### Exercise
Could you return each line below without altering a word?

### Raw data
lemma finite_measure_cone_measure: "finite_measure (cone_measure :: 'a::euclidean_space measure)"
proof (rule finite_measureI)
  have "emeasure (cone_measure :: 'a measure) (space cone_measure)
      = emeasure lborel {x::'a. sgn x \<in> UNIV \<and> norm x < 1}"
    using emeasure_cone_measure[of "UNIV :: 'a set"] by (simp add: cone_measure_def)
  also have "{x::'a. sgn x \<in> UNIV \<and> norm x < 1} = ball 0 1"
    by auto
  finally show "emeasure (cone_measure :: 'a measure) (space cone_measure) \<noteq> \<infinity>"
    by (simp add: emeasure_ball)
qed

lemma sphere_in_null_sets_lborel: "sphere (c::'a::euclidean_space) r \<in> null_sets lborel"
  using negligible_sphere[of c r]
  by (auto simp: null_sets_completion_iff negligible_iff_null_sets negligible_convex_frontier)

lemma sgn_norm_power_le_eq_scaleR_image:
  fixes A :: "'a::euclidean_space set"
  assumes s: "0 < s"
  shows "{x::'a. sgn x \<in> A \<and> norm x ^ DIM('a) \<le> s ^ DIM('a)}
       = (\<lambda>y. s *\<^sub>R y + 0) ` {y. sgn y \<in> A \<and> norm y \<le> 1}"
proof (intro set_eqI iffI)
  fix x :: 'a assume "x \<in> {x. sgn x \<in> A \<and> norm x ^ DIM('a) \<le> s ^ DIM('a)}"
  then have "sgn x \<in> A" "norm x \<le> s"
    using s power_mono_iff[of "norm x" s "DIM('a)"] by auto
  then have "x /\<^sub>R s \<in> {y. sgn y \<in> A \<and> norm y \<le> 1}"
    using s by (simp add: sgn_scaleR field_simps)
  moreover have "x = s *\<^sub>R (x /\<^sub>R s) + 0" using s by simp
  ultimately show "x \<in> (\<lambda>y. s *\<^sub>R y + 0) ` {y. sgn y \<in> A \<and> norm y \<le> 1}" by blast
next
  fix x :: 'a assume "x \<in> (\<lambda>y. s *\<^sub>R y + 0) ` {y. sgn y \<in> A \<and> norm y \<le> 1}"
  then obtain y where y: "sgn y \<in> A" "norm y \<le> 1" "x = s *\<^sub>R y" by auto
  then have "norm x \<le> s" using s by (simp add: mult_le_cancel_left1)
  then have "norm x ^ DIM('a) \<le> s ^ DIM('a)" by (metis norm_ge_zero power_mono)
  with y s show "x \<in> {x. sgn x \<in> A \<and> norm x ^ DIM('a) \<le> s ^ DIM('a)}" by (simp add: sgn_scaleR)
qed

### Task answer
lemma finite_measure_cone_measure: "finite_measure (cone_measure :: 'a::euclidean_space measure)"
proof (rule finite_measureI)
  have "emeasure (cone_measure :: 'a measure) (space cone_measure)
      = emeasure lborel {x::'a. sgn x \<in> UNIV \<and> norm x < 1}"
    using emeasure_cone_measure[of "UNIV :: 'a set"] by (simp add: cone_measure_def)
  also have "{x::'a. sgn x \<in> UNIV \<and> norm x < 1} = ball 0 1"
    by auto
  finally show "emeasure (cone_measure :: 'a measure) (space cone_measure) \<noteq> \<infinity>"
    by (simp add: emeasure_ball)
qed

lemma sphere_in_null_sets_lborel: "sphere (c::'a::euclidean_space) r \<in> null_sets lborel"
  using negligible_sphere[of c r]
  by (auto simp: null_sets_completion_iff negligible_iff_null_sets negligible_convex_frontier)

lemma sgn_norm_power_le_eq_scaleR_image:
  fixes A :: "'a::euclidean_space set"
  assumes s: "0 < s"
  shows "{x::'a. sgn x \<in> A \<and> norm x ^ DIM('a) \<le> s ^ DIM('a)}
       = (\<lambda>y. s *\<^sub>R y + 0) ` {y. sgn y \<in> A \<and> norm y \<le> 1}"
proof (intro set_eqI iffI)
  fix x :: 'a assume "x \<in> {x. sgn x \<in> A \<and> norm x ^ DIM('a) \<le> s ^ DIM('a)}"
  then have "sgn x \<in> A" "norm x \<le> s"
    using s power_mono_iff[of "norm x" s "DIM('a)"] by auto
  then have "x /\<^sub>R s \<in> {y. sgn y \<in> A \<and> norm y \<le> 1}"
    using s by (simp add: sgn_scaleR field_simps)
  moreover have "x = s *\<^sub>R (x /\<^sub>R s) + 0" using s by simp
  ultimately show "x \<in> (\<lambda>y. s *\<^sub>R y + 0) ` {y. sgn y \<in> A \<and> norm y \<le> 1}" by blast
next
  fix x :: 'a assume "x \<in> (\<lambda>y. s *\<^sub>R y + 0) ` {y. sgn y \<in> A \<and> norm y \<le> 1}"
  then obtain y where y: "sgn y \<in> A" "norm y \<le> 1" "x = s *\<^sub>R y" by auto
  then have "norm x \<le> s" using s by (simp add: mult_le_cancel_left1)
  then have "norm x ^ DIM('a) \<le> s ^ DIM('a)" by (metis norm_ge_zero power_mono)
  with y s show "x \<in> {x. sgn x \<in> A \<and> norm x ^ DIM('a) \<le> s ^ DIM('a)}" by (simp add: sgn_scaleR)
qed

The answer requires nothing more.